I am a European federalist. I know, it's a shocking thing to say, like an American candidate saying "I believe that the world is older than 10,000 years" or "Yes, selling Playboy to teenaged boys is less dangerous than a semi-automatic Armalite rifle". I'm a bit eccentric that way. I believe in a United States of Europe as being the best way of defending the liberal and democratic values that I believe are under threat from crazy religious fanatics (of all persuasions) from Mecca to Tel Aviv to Rome to Alabama, from a rising one party tyranny in China, and from a thuggish regime in the Kremlin.
Yet I also believe that Eurosceptics are right about one thing. The EU cannot continue without the people being directly consulted. We cannot sleep walk into a banking union, fiscal union and then into a political union without the people being explicitly asked.
Now, you say this to some people in Brussels, and they look at you like you've exposed yourself to them and asked "Should it really be that colour?"
Here's the funny thing: some of them are indeed so arrogant that they are shocked at the idea that the little people should be consulted, but they are not the majority. The majority are afraid of what happens if people vote no. They genuinely don't know what the alternative is.
Well, this Irishman, coming from the country that has more referendums on the EU than Silvio Berlusconi has special lady friends, has a suggestion.
First, we devise what the options actually are for each country. They are a hard federal core with the euro as its currency, a directly elected president, and a federal treasury that cuts out all the reckless spending and borrowing nonsense, built around a federalised debt. Secondly, an outer ring, basically a European Economic Area with its own currencies, access to the single European market, and free from non-trade related EU rules but with no European commissioners, MEPs or seats on the Council of Ministers, and bound (on single market issues) by the European Court. Finally, negotiated exit from the European Union altogether.
Having agreed how each option will interact with the other, we have a vote in every EU member state on the same day, securing a democratic mandate for the entire process, and letting each country find its place in the European construct or choosing to leave altogether.
That's the beauty of this proposal: There can't be a no vote that leaves a country in limbo, because every country will not be asked to endorse a position but instead to actually choose its place in the New Europe. Every country will give a clear answer.
There will of course be caveats. Germany is a unique case, and if Germany votes for anything other than core membership the whole plan would have to be suspended. But bear in mind that choosing to join the core would also be choosing to give a popular democratic mandate to intrusive German style rules to keep your national finances in order, so it's not all one way traffic. Yes, you will get access to funds raised by eurobonds issued by the EU federal government, but they will control how they are spent in your country too.
How likely is the above plan? Well, ask yourself this: How likely was it five or ten years ago that we would be on the brink of a fiscal union? We live in interesting times, and in interesting times people can propose interesting things.
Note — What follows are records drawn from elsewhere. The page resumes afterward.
(* Let $\mathbf i'=\zeta_k\mathbf i$ be a 6-move. The 6-move degree map $\mathbf g'\mapsto\mathbf g$ on $\mathbb Z^{\oplus\mathbb N}$ (defined in the context) sends the cone $C_{\mathbf i'}$ into the cone $C_{\mathbf i}$.
   Context: $\mathfrak g$ is a complex finite-dimensional simple Lie algebra with index set $I$ and Cartan matrix $\mathsf C=(\mathsf c_{i,j})$. $\mathbb N=\{1,2,\dots\}$, $[a]_+=\max(a,0)$. $I^{(\infty)}$: sequences $\mathbf i=(i_u)_{u\in\mathbb N}\in I^{\mathbb N}$ with every element of $I$ occurring infinitely often; $u^-_{\mathbf i}=\max(\{v<u:i_v=i_u\}\cup\{0\})$. A 6-move $\mathbf i'=\zeta_k\mathbf i$: $i_k=i_{k+2}=i_{k+4}=i'_{k+1}=i'_{k+3}=i'_{k+5}$, $i_{k+1}=i_{k+3}=i_{k+5}=i'_k=i'_{k+2}=i'_{k+4}$, $i_u=i'_u$ for $u\notin[k,k+5]$, $\mathsf c_{i_{k+1},i_k}\mathsf c_{i_k,i_{k+1}}=3$. Put $i=i_k$, $j=i_{k+1}$. The 6-move degree map: for $\mathbf g'=(g'_u)$ set $A=g'_{k+2}-\mathsf c_{j,i}[g'_{k+1}]_+$, $B=g'_{k+3}-[-g'_{k+1}]_+$, $C=-g'_{k+1}-\mathsf c_{i,j}[A]_+-[-B]_+$, $D=g'_k+\mathsf c_{j,i}[-g'_{k+1}]_+-2[-A]_++\mathsf c_{j,i}[-C]_+$, $E=-A-\mathsf c_{j,i}[C]_++[D]_+$, $F=-C+\mathsf c_{i,j}[-D]_+$, $G=-B-[-C]_++\mathsf c_{i,j}[-E]_++[F]_+$, $H=-D+[E]_++\mathsf c_{j,i}[-F]_+$, $I=-F+[G]_++\mathsf c_{i,j}[-H]_+$; then $g_{k^-_{\mathbf i}}=g'_{(k+1)^-_{\mathbf i'}}+[g'_{k+1}]_++[B]_+-[-G]_+-[-I]_+$ (if $k^-_{\mathbf i}>0$), $g_{(k+1)^-_{\mathbf i}}=g'_{k^-_{\mathbf i'}}+[D]_+-\mathsf c_{j,i}[F]_++2[H]_+-\mathsf c_{j,i}[I]_+$ (if $(k+1)^-_{\mathbf i}>0$), $g_k=-I$, $g_{k+1}=-H+\mathsf c_{j,i}[-I]_+$, $g_{k+2}=-G+[I]_+$, $g_{k+3}=-E+\mathsf c_{j,i}[-G]_++[H]_+$, $g_{k+4}=g'_{k+5}-[-B]_++[G]_+$, $g_{k+5}=g'_{k+4}-[-A]_+-\mathsf c_{j,i}[B]_++[E]_+$, $g_u=g'_u$ otherwise. Cone: $C_{\mathbf i}=\{\mathbf g\in\mathbb Z^{\oplus\mathbb N}:\sum_{v\ge u,\,i_v=i_u}g_v\ge0\ \forall u\in\mathbb N\}$. *)

theory Defs
  imports Complex_Main
begin

text \<open>Cartan matrix of a complex finite-dimensional simple Lie algebra, i.e. an
indecomposable generalized Cartan matrix of finite type (symmetrizable with
positive definite symmetrization).\<close>
definition simple_cartan_matrix :: "'a set \<Rightarrow> ('a \<Rightarrow> 'a \<Rightarrow> int) \<Rightarrow> bool" where
  "simple_cartan_matrix I C \<longleftrightarrow>
     finite I \<and> I \<noteq> {} \<and>
     (\<forall>i\<in>I. C i i = 2) \<and>
     (\<forall>i\<in>I. \<forall>j\<in>I. i \<noteq> j \<longrightarrow> C i j \<le> 0) \<and>
     (\<forall>i\<in>I. \<forall>j\<in>I. C i j = 0 \<longleftrightarrow> C j i = 0) \<and>
     (\<exists>d :: 'a \<Rightarrow> real. (\<forall>i\<in>I. d i > 0) \<and>
        (\<forall>i\<in>I. \<forall>j\<in>I. d i * of_int (C i j) = d j * of_int (C j i)) \<and>
        (\<forall>x :: 'a \<Rightarrow> real. (\<exists>i\<in>I. x i \<noteq> 0) \<longrightarrow>
           (\<Sum>i\<in>I. \<Sum>j\<in>I. x i * d i * of_int (C i j) * x j) > 0)) \<and>
     (\<forall>J. J \<subseteq> I \<and> J \<noteq> {} \<and> J \<noteq> I \<longrightarrow> (\<exists>i\<in>J. \<exists>j\<in>I - J. C i j \<noteq> 0))"

text \<open>Sequences \<open>(i_u)_{u \<in> \<nat>}\<close>, \<open>\<nat> = {1,2,...}\<close>, represented as \<open>nat \<Rightarrow> 'a\<close>
(the value at 0 is irrelevant); every element of \<open>I\<close> occurs infinitely often.\<close>
definition inf_seq :: "'a set \<Rightarrow> (nat \<Rightarrow> 'a) \<Rightarrow> bool" where
  "inf_seq I s \<longleftrightarrow> (\<forall>u\<ge>1. s u \<in> I) \<and> (\<forall>a\<in>I. infinite {u. 1 \<le> u \<and> s u = a})"

definition prev :: "(nat \<Rightarrow> 'a) \<Rightarrow> nat \<Rightarrow> nat" where
  "prev s u = Max ({v. 1 \<le> v \<and> v < u \<and> s v = s u} \<union> {0})"

definition six_move :: "('a \<Rightarrow> 'a \<Rightarrow> int) \<Rightarrow> (nat \<Rightarrow> 'a) \<Rightarrow> (nat \<Rightarrow> 'a) \<Rightarrow> nat \<Rightarrow> bool" where
  "six_move C s s' k \<longleftrightarrow> 1 \<le> k \<and>
     s k = s (k+2) \<and> s (k+2) = s (k+4) \<and> s (k+4) = s' (k+1) \<and>
     s' (k+1) = s' (k+3) \<and> s' (k+3) = s' (k+5) \<and>
     s (k+1) = s (k+3) \<and> s (k+3) = s (k+5) \<and> s (k+5) = s' k \<and>
     s' k = s' (k+2) \<and> s' (k+2) = s' (k+4) \<and>
     (\<forall>u. 1 \<le> u \<and> (u < k \<or> k + 5 < u) \<longrightarrow> s u = s' u) \<and>
     C (s (k+1)) (s k) * C (s k) (s (k+1)) = 3"

text \<open>\<open>\<int>^{\<oplus>\<nat>}\<close>: finitely supported integer vectors indexed by \<open>\<nat> = {1,2,...}\<close>
(represented as \<open>nat \<Rightarrow> int\<close> vanishing at 0).\<close>
definition fin_vecs :: "(nat \<Rightarrow> int) set" where
  "fin_vecs = {g. g 0 = 0 \<and> finite {u. g u \<noteq> 0}}"

text \<open>The cone \<open>C_s\<close>; the sum over \<open>v \<ge> u, s_v = s_u\<close> is the (finite) sum over
the support.\<close>
definition cone :: "(nat \<Rightarrow> 'a) \<Rightarrow> (nat \<Rightarrow> int) set" where
  "cone s = {g \<in> fin_vecs. \<forall>u\<ge>1. (\<Sum>v\<in>{v. u \<le> v \<and> s v = s u \<and> g v \<noteq> 0}. g v) \<ge> 0}"

definition pp :: "int \<Rightarrow> int" where "pp x = max x 0"

definition six_deg :: "('a \<Rightarrow> 'a \<Rightarrow> int) \<Rightarrow> (nat \<Rightarrow> 'a) \<Rightarrow> (nat \<Rightarrow> 'a) \<Rightarrow> nat
    \<Rightarrow> (nat \<Rightarrow> int) \<Rightarrow> (nat \<Rightarrow> int)" where
  "six_deg C s s' k g' =
    (let i = s k; j = s (k+1); cji = C j i; cij = C i j;
         A = g' (k+2) - cji * pp (g' (k+1));
         B = g' (k+3) - pp (- g' (k+1));
         Cc = - g' (k+1) - cij * pp A - pp (-B);
         D = g' k + cji * pp (- g' (k+1)) - 2 * pp (-A) + cji * pp (-Cc);
         E = - A - cji * pp Cc + pp D;
         F = - Cc + cij * pp (-D);
         G = - B - pp (-Cc) + cij * pp (-E) + pp F;
         H = - D + pp E + cji * pp (-F);
         II = - F + pp G + cij * pp (-H);
         p0 = prev s k; p1 = prev s (k+1); q0 = prev s' k; q1 = prev s' (k+1)
     in (\<lambda>u. if u = k then - II
            else if u = k+1 then - H + cji * pp (-II)
            else if u = k+2 then - G + pp II
            else if u = k+3 then - E + cji * pp (-G) + pp H
            else if u = k+4 then g' (k+5) - pp (-B) + pp G
            else if u = k+5 then g' (k+4) - pp (-A) - cji * pp B + pp E
            else if 0 < p0 \<and> u = p0 then g' q1 + pp (g' (k+1)) + pp B - pp (-G) - pp (-II)
            else if 0 < p1 \<and> u = p1 then g' q0 + pp D - cji * pp F + 2 * pp H - cji * pp II
            else g' u))"

end

theory Submission
  imports Defs
begin

(* The cone condition asks that, for every u, the entries at positions v \<ge> u of the colour
   s_u have nonnegative sum. Beyond position k+5 neither the sequence nor the vector changes,
   so those tail sums are untouched. Inside the window [k, k+5] the six new tail sums are
   piecewise-linear functions of the six old window entries and the two old tails X, Y beyond
   the window; that they are nonnegative whenever the old ones are is a finite case analysis,
   for each of the two possible Cartan pairs (c_ij, c_ji) = (-1,-3), (-3,-1). Below the window
   the map moves an amount d0 (resp. d1) from the colour-i (resp. colour-j) entries of the
   window to position k^- (resp. (k+1)^-), preserving the total of each colour, so the tail
   sums starting below the window do not change either. *)

lemma int_factors_three:
  fixes a b :: int
  assumes "a \<le> 0" "b \<le> 0" "a * b = 3"
  shows "(a, b) \<in> {(-1, -3), (-3, -1)}"
proof -
  have "a \<le> -1" "b \<le> -1" using assms by (auto simp: order.order_iff_strict)
  have "(-a) * 1 \<le> (-a) * (-b)" using \<open>a \<le> -1\<close> \<open>b \<le> -1\<close> by (intro mult_left_mono) auto
  moreover have "1 * (-b) \<le> (-a) * (-b)" using \<open>a \<le> -1\<close> \<open>b \<le> -1\<close> by (intro mult_right_mono) auto
  ultimately have "a \<in> {-1, -2, -3}" "b \<in> {-1, -2, -3}"
    using assms(3) \<open>a \<le> -1\<close> \<open>b \<le> -1\<close> by auto
  then show ?thesis using assms(3) by auto
qed

lemma pp_diff_pp_uminus: "pp x - pp (- x) = x"
  unfolding pp_def by simp

(* g0..g5 stand for g'_k..g'_{k+5}, n0..n5 for the new entries g_k..g_{k+5}, and d0, d1 for
   the increments at k^- and (k+1)^-; Cc and II are the paper's C and I. *)
context
  fixes cij cji g0 g1 g2 g3 g4 g5 A B Cc D E F G H II n0 n1 n2 n3 n4 n5 d0 d1 :: int
  assumes cartan: "(cij, cji) \<in> {(-1, -3), (-3, -1)}"
    and A_def: "A = g2 - cji * pp g1"
    and B_def: "B = g3 - pp (- g1)"
    and Cc_def: "Cc = - g1 - cij * pp A - pp (- B)"
    and D_def: "D = g0 + cji * pp (- g1) - 2 * pp (- A) + cji * pp (- Cc)"
    and E_def: "E = - A - cji * pp Cc + pp D"
    and F_def: "F = - Cc + cij * pp (- D)"
    and G_def: "G = - B - pp (- Cc) + cij * pp (- E) + pp F"
    and H_def: "H = - D + pp E + cji * pp (- F)"
    and II_def: "II = - F + pp G + cij * pp (- H)"
    and n0_def: "n0 = - II"
    and n1_def: "n1 = - H + cji * pp (- II)"
    and n2_def: "n2 = - G + pp II"
    and n3_def: "n3 = - E + cji * pp (- G) + pp H"
    and n4_def: "n4 = g5 - pp (- B) + pp G"
    and n5_def: "n5 = g4 - pp (- A) - cji * pp B + pp E"
    and d0_def: "d0 = pp g1 + pp B - pp (- G) - pp (- II)"
    and d1_def: "d1 = pp D - cji * pp F + 2 * pp H - cji * pp II"
begin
Jason O'Mahony is an Irish political blogger and political activist blogging at www.jasonomahony.ie
Follow Jason O'Mahony on Twitter: www.twitter.com/jasonomahony
With three options there is a possibility of none getting 50%. Even then a 51% vote for any option doesn't strike me as a clear answer.
The choices seem simple but the problem is that each would need to be explained honestly and in detail to the voting public. The first problem is who would deliver such information and the second how many would spend more than just a few minutes to take in that information for such an important decision.
Direct democracy sounds great but there are good reasons why the founders of the USA never included it in the constitution, Germany's constitution doesn't allow it at all and few countries use it even as on an advisory basis.
Not sure how this would be done. Would it be like Eurovision with counties voting for their friends rather than the best candidate. Who would stand and what percentage would be required to get elected? Would it end up just like the USA where you need a shed load of money to get elected and where is that going to come from? Sounds like a good idea but the practicalities are against it.
Quote: "access to the single European market"
This is what all the anti-EU commentators in the UK want but they want tariff free access and don't realise that the UK would still be bound by all the EU trade rules. You don't say what the costs of this tier of membership would be but I would expect it to be similar, for the UK, to the net contribution at present as there must be some value to tariff free access.
Quote: "Finally, negotiated exit from the European Union altogether."
The choice of the anti-EU hardliners. Could be very damaging for UK export business. Tariffs would be payable for market entry, Hague mentioned £1.3 billion for the car industry alone, which would make British goods less competitive. The counter argument would be that the UK could impose tariffs on EU goods but that would push up inflation and no country in the EU is as dependent on trade with the UK as the UK is with the EU.